Significant risk factors for suicidal behavior include misuse of alcohol or drugs, a history of self-harm and attempted suicide, and psychiatric disorders [8,9,10,11,12,13]. Globally, alcohol dependence (13.3%), amphetamine dependence (2.4%), opioid dependence (1.9%) and cocaine dependence (0.9%) are important attributable factors for suicide [14]. In Denmark, alcohol use was attributable to 33.3% of deaths due to suicide in 2017, while 3.1% were attributable to drug use according to global burden of disease estimates [15]. Cannabis use and cannabis use disorders have been shown to be correlated with suicidal behaviour and ideation, although there is no convincing evidence that the link is causal [16]. It is likely that the strong association between cannabis and suicide could be explained by other factors, such as co-morbid mental health and behavioural problems [17].

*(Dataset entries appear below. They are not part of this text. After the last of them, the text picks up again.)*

(* Let $\beta>0$ and let $V\in\mathbb R^{d\times d}$ be real symmetric with orthonormal eigenbasis $(e_k)_{k=1}^d$ and eigenvalues $(\lambda_k)$ satisfying $\lambda_1>\max_{k\ge2}|\lambda_k|$. Let $x_i(t)\in\mathbb S^{d-1}$, $i\in[n]$, solve \[ \dot x_i=P^\perp_{x_i}\Big(\frac1{Z_i}\sum_{j=1}^n e^{\beta\langle x_i,Vx_j\rangle}Vx_j\Big),\qquad Z_i=\sum_{k=1}^n e^{\beta\langle x_i,Vx_k\rangle}, \] and write $c_{i,k}(t)=\langle x_i(t),e_k\rangle$. Suppose there is $\delta>0$ with $c_{i,1}(0)\ge\delta$ for all $i\in[n]$. Then: (1) The cone $\mathcal C_\delta:=\{(x_i)_{i=1}^n\in(\mathbb S^{d-1})^n: c_{i,1}\ge\delta\ \forall i\in[n]\}$ is forward invariant. (2) For every $k\neq1$, setting $r_{i,k}(t)=c_{i,k}(t)/c_{i,1}(t)$ and $R_k(t)=\max_{1\le i\le n}|r_{i,k}(t)|$, one has $R_k(t)\le R_k(0)e^{-\delta(\lambda_1-|\lambda_k|)t}$ for all $t\ge0$. (3) For every $i\in[n]$, $x_i(t)\to e_1$ as $t\to\infty$.
   Context: $P^\perp_xy=y-\langle x,y\rangle x$ denotes the orthogonal projection onto $T_x\mathbb S^{d-1}$. *)

theory Defs
  imports "HOL-Analysis.Analysis"
begin

definition tproj :: "real^'d \<Rightarrow> real^'d \<Rightarrow> real^'d" where
  "tproj x y = y - (x \<bullet> y) *\<^sub>R x"

definition attnZ :: "real \<Rightarrow> real^'d^'d \<Rightarrow> nat \<Rightarrow> (nat \<Rightarrow> real^'d) \<Rightarrow> nat \<Rightarrow> real" where
  "attnZ \<beta> V n y i = (\<Sum>k<n. exp (\<beta> * (y i \<bullet> (V *v y k))))"

definition attn_field :: "real \<Rightarrow> real^'d^'d \<Rightarrow> nat \<Rightarrow> (nat \<Rightarrow> real^'d) \<Rightarrow> nat \<Rightarrow> real^'d" where
  "attn_field \<beta> V n y i =
     tproj (y i) ((1 / attnZ \<beta> V n y i) *\<^sub>R
        (\<Sum>j<n. exp (\<beta> * (y i \<bullet> (V *v y j))) *\<^sub>R (V *v y j)))"

end

(* Everything rests on a maximum principle for finitely many differentiable functions of time:
   if each of them has nonpositive derivative whenever it is the largest, none of them ever exceeds
   its initial bound.  For the cone, apply it to -c_{i,1}: at a particle minimising c_{i,1} the
   softmax average of the c_{j,1} is at least c_{i,1}, and the mean energy sum_j a_ij <x_i, V x_j>
   is at most lambda_1, so c_{i,1} cannot decrease.  Inside the cone the self-interaction term
   cancels from the ratios r_{i,k} = c_{i,k} / c_{i,1}, leaving
     r_{i,k}' = (1 / c_{i,1}) sum_j a_ij c_{j,1} (lambda_k r_{j,k} - lambda_1 r_{i,k}),
   so wherever |r_{i,k}| is maximal it decreases at relative rate at least delta (lambda_1 - |lambda_k|);
   the maximum principle for e^{mu t} r_{i,k} and its negative gives the exponential bound.  Hence
   c_{i,k} -> 0 for k <> 1, c_{i,1} -> 1 because x_i stays on the sphere, and x_i -> e_1. *)

theory Submission
  imports Defs "HOL-Real_Asymp.Real_Asymp"
begin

Previous research shows that mood and anxiety disorders are risk factors of suicide [18], including both unipolar and bipolar mood disorders [19], especially in the early phases of illness [20]. In addition, borderline personality disorder is associated with an elevated risk of completed suicide, especially among individuals with multiple hospitalizations [21].

Despite the large body of research on suicide and substance use and psychiatric co-morbidity, relatively few studies have assessed predictors of suicide in people with psychoactive DUD. A recent study found that both self-reported psychiatric symptoms and psychiatric treatment history independently predicted completed suicide among people with DUD [22]. However, beyond this single study, there is a paucity of research that has examined risk factors associated with suicide completion in individuals with DUD.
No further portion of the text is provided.